The cushioning could, however, lead to people trying to think about AI risk independently or to them searching for more evidence and commentary online, which might subsequently lead to them to the conclusion that AI does in fact pose a significant existential risk to humanity. 

When trying to introduce the idea of AI risk to someone who is unfamiliar with it, it's probably a good idea to give an example of a current issue with AI, and then have them extrapolate. The example of poorly designed AI systems being used by corporations for click-through, as covered in the introduction of Human Compatible, seems good to use in your framing of AI safety as a public good. Most people are familiar with the ills of algorithms designed for social media, so it is not a great step to imagine researchers designing more powerful AI systems that are deleterious to humanity via a similar design issue but at a much more lethal level: 

They aren't particularly intelligent, but they are in a position to affect the entire world because they directly influence billions of people. Typically, such algorithms are designed to maximize click-through, that is, the probability that the user clicks on presented items. The solution is simply to present items that the user likes to click on, right? Wrong. The solution is to change the user's preferences so that they become more predictable. A more predictable user can be fed items that they are likely to click on, thereby generating more revenue. People with more extreme political views tend to be more predictable in which items they click on. 

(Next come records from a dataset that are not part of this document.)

(* Let $0<\bar C\le1$, $\epsilon>0$, $\omega\ge0$, $\gamma_0\ge\gamma\ge0$. Let $\omega(t),\epsilon_x(t),\epsilon_y(t),\delta\gamma_t$ be real-valued functions of time with $|\omega(t)|\le\omega$, $\sqrt{\epsilon_x^2(t)+\epsilon_y^2(t)}\le\epsilon$, $|\delta\gamma_t|\le\gamma$, and set $H(t)=[1+\omega(t)]I_z+\epsilon_x(t)I_x+\epsilon_y(t)I_y$, $\gamma_t=\gamma_0+\delta\gamma_t$. Let the qubit density matrix $\rho_t$ evolve according to $$\dot\rho_t=-i[H(t),\rho_t]+\gamma_t(\sigma_z\rho_t\sigma_z-\rho_t)$$ from an initial state $\rho_0$ with $C_0=[\mathrm{tr}(\rho_0\sigma_x)]^2+[\mathrm{tr}(\rho_0\sigma_y)]^2=1$. Define $$T_p=\begin{cases}\dfrac{1-\bar C}{4\sqrt2(\gamma_0+\gamma)}, & \text{if } 4(\gamma_0+\gamma)^2\ge\epsilon^2,\\[2mm] \dfrac{(1-\bar C)\sqrt{\epsilon^2-2(\gamma_0+\gamma)^2}}{2\epsilon^2}, & \text{if } 4(\gamma_0+\gamma)^2<\epsilon^2.\end{cases}$$ Then for every $t\in[0,T_p]$, $\rho_t\in\mathcal{D}_p=\{\rho:[\mathrm{tr}(\rho\sigma_x)]^2+[\mathrm{tr}(\rho\sigma_y)]^2\ge\bar C\}$. Consequently, if projective measurements of $\sigma_x$ are performed periodically with period $T_p$, the state remains in $\mathcal{D}_p$.
   Context: $\sigma_x,\sigma_y,\sigma_z$ are the Pauli matrices $\begin{pmatrix}0&1\\1&0\end{pmatrix},\begin{pmatrix}0&-i\\i&0\end{pmatrix},\begin{pmatrix}1&0\\0&-1\end{pmatrix}$, $I_j=\frac12\sigma_j$, $[A,B]=AB-BA$, units with $\hbar=1$. The coherence of a qubit state $\rho$ is $C=x^2+y^2$ with $x=\mathrm{tr}(\rho\sigma_x)$, $y=\mathrm{tr}(\rho\sigma_y)$. *)

theory Defs
  imports "HOL-Analysis.Analysis"
begin

type_synonym cmat2 = "complex^2^2"

definition mat2 :: "complex \<Rightarrow> complex \<Rightarrow> complex \<Rightarrow> complex \<Rightarrow> cmat2" where
  "mat2 a b c d = (\<chi> i j. if i = 1 then (if j = 1 then a else b) else (if j = 1 then c else d))"

definition sigma_x :: cmat2 where "sigma_x = mat2 0 1 1 0"
definition sigma_y :: cmat2 where "sigma_y = mat2 0 (- \<i>) \<i> 0"
definition sigma_z :: cmat2 where "sigma_z = mat2 1 0 0 (-1)"

definition I_x :: cmat2 where "I_x = (1/2) *\<^sub>R sigma_x"
definition I_y :: cmat2 where "I_y = (1/2) *\<^sub>R sigma_y"
definition I_z :: cmat2 where "I_z = (1/2) *\<^sub>R sigma_z"

definition cscale :: "complex \<Rightarrow> cmat2 \<Rightarrow> cmat2" where
  "cscale c A = (\<chi> i j. c * A $ i $ j)"

definition commutator :: "cmat2 \<Rightarrow> cmat2 \<Rightarrow> cmat2" where
  "commutator A B = A ** B - B ** A"

definition adjoint2 :: "cmat2 \<Rightarrow> cmat2" where
  "adjoint2 A = (\<chi> i j. cnj (A $ j $ i))"

definition density :: "cmat2 \<Rightarrow> bool" where
  "density \<rho> \<longleftrightarrow> adjoint2 \<rho> = \<rho>
     \<and> (\<forall>v :: complex^2. 0 \<le> Re (\<Sum>i\<in>UNIV. \<Sum>j\<in>UNIV. cnj (v $ i) * \<rho> $ i $ j * v $ j))
     \<and> trace \<rho> = 1"

definition bloch_x :: "cmat2 \<Rightarrow> real" where "bloch_x \<rho> = Re (trace (\<rho> ** sigma_x))"
definition bloch_y :: "cmat2 \<Rightarrow> real" where "bloch_y \<rho> = Re (trace (\<rho> ** sigma_y))"

definition coherence :: "cmat2 \<Rightarrow> real" where
  "coherence \<rho> = (bloch_x \<rho>)\<^sup>2 + (bloch_y \<rho>)\<^sup>2"

definition D_p :: "real \<Rightarrow> cmat2 set" where
  "D_p Cbar = {\<rho>. coherence \<rho> \<ge> Cbar}"

definition T_p :: "real \<Rightarrow> real \<Rightarrow> real \<Rightarrow> real \<Rightarrow> real" where
  "T_p Cbar eps g0 g =
     (if 4 * (g0 + g)\<^sup>2 \<ge> eps\<^sup>2 then (1 - Cbar) / (4 * sqrt 2 * (g0 + g))
      else (1 - Cbar) * sqrt (eps\<^sup>2 - 2 * (g0 + g)\<^sup>2) / (2 * eps\<^sup>2))"

definition Ham :: "real \<Rightarrow> real \<Rightarrow> real \<Rightarrow> cmat2" where
  "Ham w ex ey = (1 + w) *\<^sub>R I_z + ex *\<^sub>R I_x + ey *\<^sub>R I_y"

end

theory Submission
  imports Defs
begin

text \<open>In Bloch coordinates \<open>(x, y, z)\<close> the master equation is linear: the Hamiltonian rotates the
Bloch vector and dephasing damps \<open>x, y\<close> at rate \<open>2\<gamma>\<^sub>t\<close>. Hence \<open>x\<^sup>2 + y\<^sup>2 + z\<^sup>2\<close> never increases, so
\<open>z\<^sup>2 \<le> 1 - C\<close>, while \<open>dC/dt = 2 z (\<epsilon>\<^sub>y x - \<epsilon>\<^sub>x y) - 4 \<gamma>\<^sub>t C\<close>. Maximising the quadratic form in \<open>(\<bar>z\<bar>, \<surd>C)\<close>
over the unit disc gives \<open>dC/dt \<ge> -M\<close> with \<open>M = 2 G + \<surd>(\<epsilon>\<^sup>2 + 4 G\<^sup>2)\<close>, \<open>G = \<gamma>\<^sub>0 + \<gamma>\<close>, so
\<open>C(t) \<ge> 1 - M t\<close>; finally \<open>M T\<^sub>p \<le> 1 - Cbar\<close> in both regimes of the definition of \<open>T\<^sub>p\<close>.\<close>

definition bloch_z :: "cmat2 \<Rightarrow> real" where "bloch_z \<rho> = Re (trace (\<rho> ** sigma_z))"
lemma pde_solution_stability:
  fixes a b q g \<rho> P :: "real \<Rightarrow> real" and F1 :: "real \<Rightarrow> real \<Rightarrow> real"
  assumes sol1: "is_pde_solution T A B R \<sigma>0 a b q g \<rho> P \<theta>1 F1"
    and a: "bounded (range a)" "bounded (range (deriv a))"
    and b: "bounded (range b)" "Lb-lipschitz_on UNIV b"
    and \<rho>: "L\<rho>-lipschitz_on UNIV \<rho>"
    and P: "continuous_on {0..T} P"
  obtains K where "\<And>\<theta>2 F2 t x. 0 \<le> \<theta>2 \<Longrightarrow> is_pde_solution T A B R \<sigma>0 a b q g \<rho> P \<theta>2 F2 \<Longrightarrow>
    t \<in> {0..T} \<Longrightarrow> \<bar>F1 t x - F2 t x\<bar> \<le> K * \<bar>\<theta>2 - \<theta>1\<bar>"
proof -
  obtain Ft1 Fx1 Fxx1 S1 S2 where F1: "has_parabolic_derivatives T F1 Ft1 Fx1 Fxx1"
    and S1: "0 \<le> S1" "\<And>t x. t \<in> {0..T} \<Longrightarrow> \<bar>Fx1 t x\<bar> \<le> S1"
    and S2: "0 \<le> S2" "\<And>t x. t \<in> {0..T} \<Longrightarrow> \<bar>Fxx1 t x\<bar> \<le> S2"
    and eq1: "\<And>t x. t \<in> {0..T} \<Longrightarrow>
       Ft1 t x + Fx1 t x * (A * x + a x + B * \<rho> (P t * x + F1 t x) + b (\<rho> (P t * x + F1 t x)))
       + P t * (a x + B\<^sup>2 / R * P t * x + B * \<rho> (P t * x + F1 t x) + b (\<rho> (P t * x + F1 t x))
                + deriv a x * x)
       + (\<theta>1 + \<sigma>0\<^sup>2) / 2 * Fxx1 t x + deriv q x / 2 + (A + deriv a x) * F1 t x = 0"
    and terminal1: "\<And>x. F1 T x = deriv g x / 2"
    by (rule is_pde_solutionE[OF sol1]) (rule that)
  obtain Sa where Sa: "0 < Sa" "\<And>x. \<bar>deriv a x\<bar> \<le> Sa"
    using a(2) by (auto simp: bounded_pos)
  have "bounded (P ` {0..T})" using compact_continuous_image[OF P compact_Icc] by (rule compact_imp_bounded)
  then obtain SP where SP: "0 < SP" "\<And>t. t \<in> {0..T} \<Longrightarrow> \<bar>P t\<bar> \<le> SP"
    by (auto simp: bounded_pos)
  define \<Gamma> where "\<Gamma> = \<bar>A\<bar> + Sa + (S1 + SP) * ((\<bar>B\<bar> + Lb) * L\<rho>)"
  have \<Gamma>: "0 \<le> \<Gamma>"
    using Sa S1 SP lipschitz_on_nonneg[OF b(2)] lipschitz_on_nonneg[OF \<rho>] by (simp add: \<Gamma>_def)
  have "\<bar>F1 t x - F2 t x\<bar> \<le> S2 / 2 * T * exp (\<Gamma> * T) * \<bar>\<theta>2 - \<theta>1\<bar>"
    if \<theta>2: "0 \<le> \<theta>2" and sol2: "is_pde_solution T A B R \<sigma>0 a b q g \<rho> P \<theta>2 F2" and t: "t \<in> {0..T}"
    for \<theta>2 F2 t x
  proof -
    obtain Ft2 Fx2 Fxx2 S1' S2' where F2: "has_parabolic_derivatives T F2 Ft2 Fx2 Fxx2"
      and S1': "\<And>t x. t \<in> {0..T} \<Longrightarrow> \<bar>Fx2 t x\<bar> \<le> S1'"
      and eq2: "\<And>t x. t \<in> {0..T} \<Longrightarrow>
         Ft2 t x + Fx2 t x * (A * x + a x + B * \<rho> (P t * x + F2 t x) + b (\<rho> (P t * x + F2 t x)))
         + P t * (a x + B\<^sup>2 / R * P t * x + B * \<rho> (P t * x + F2 t x) + b (\<rho> (P t * x + F2 t x))
                  + deriv a x * x)
         + (\<theta>2 + \<sigma>0\<^sup>2) / 2 * Fxx2 t x + deriv q x / 2 + (A + deriv a x) * F2 t x = 0"
      and terminal2: "\<And>x. F2 T x = deriv g x / 2"
      by (rule is_pde_solutionE[OF sol2]) (rule that)
    obtain C1 where C1: "\<And>t x. t \<in> {0..T} \<Longrightarrow> \<bar>F1 t x\<bar> \<le> C1 * (1 + \<bar>x\<bar>)"
      using linear_growth_of_bounded_space_derivative[OF F1 S1(2)] by blast
    obtain C2 where C2: "\<And>t x. t \<in> {0..T} \<Longrightarrow> \<bar>F2 t x\<bar> \<le> C2 * (1 + \<bar>x\<bar>)"
      using linear_growth_of_bounded_space_derivative[OF F2 S1'] by blast
    obtain cA where cA: "\<And>t x. t \<in> {0..T} \<Longrightarrow>
        \<bar>A * x + a x + B * \<rho> (P t * x + F2 t x) + b (\<rho> (P t * x + F2 t x))\<bar> \<le> cA * (1 + \<bar>x\<bar>)"
    proof (rule drift_linear_growth[OF a(1) b(1) \<rho>])
      show "\<And>t. t \<in> {0..T} \<Longrightarrow> \<bar>P t\<bar> \<le> SP" by (rule SP(2))
      show "\<And>t x. t \<in> {0..T} \<Longrightarrow> \<bar>F2 t x\<bar> \<le> C2 * (1 + \<bar>x\<bar>)" by (rule C2)
    qed (rule that)
    have "\<bar>F1 t x - F2 t x\<bar> \<le> \<bar>\<theta>2 - \<theta>1\<bar> / 2 * S2 * T * exp (\<Gamma> * T)"
    proof (rule parabolic_abs_bound[OF has_parabolic_derivatives_diff[OF F1 F2] _ \<Gamma> _ _ _ cA _ t,
          where \<kappa> = "(\<theta>2 + \<sigma>0\<^sup>2) / 2" and C = "C1 + C2"])
      fix s y assume s: "s \<in> {0..T}"
      show "\<bar>F1 s y - F2 s y\<bar> \<le> (C1 + C2) * (1 + \<bar>y\<bar>)"
        using C1[OF s, of y] C2[OF s, of y] by (simp add: algebra_simps)
      show "\<bar>Ft1 s y - Ft2 s y
            + (A * y + a y + B * \<rho> (P s * y + F2 s y) + b (\<rho> (P s * y + F2 s y))) * (Fx1 s y - Fx2 s y)
            + (\<theta>2 + \<sigma>0\<^sup>2) / 2 * (Fxx1 s y - Fxx2 s y)\<bar>
          \<le> \<Gamma> * \<bar>F1 s y - F2 s y\<bar> + \<bar>\<theta>2 - \<theta>1\<bar> / 2 * S2"
        unfolding \<Gamma>_def
        by (rule pde_difference_estimate[OF eq1[OF s] eq2[OF s] \<rho> b(2) S1(2)[OF s] S2(2)[OF s]
              SP(2)[OF s] Sa(2)])
    next
      show "F1 T y - F2 T y = 0" for y using terminal1[of y] terminal2[of y] by simp
    qed (use \<theta>2 S2 in auto)
    then show ?thesis by (simp add: algebra_simps)
  qed
  then show thesis by (rule that)
qed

Ultimately, you should probably tailor messages to your audience, given their understanding, objections/beliefs, values, etc. If you think they understand the phrase “externalities,” I agree, but a sizable number of people in the world do not properly understand the concept.

Overall, I agree that this is probably a good thing to emphasize, but FWIW I think a lot pitches I’ve heard/read do emphasize this insofar as it makes sense to do so, albeit not always with the specific term “externality.”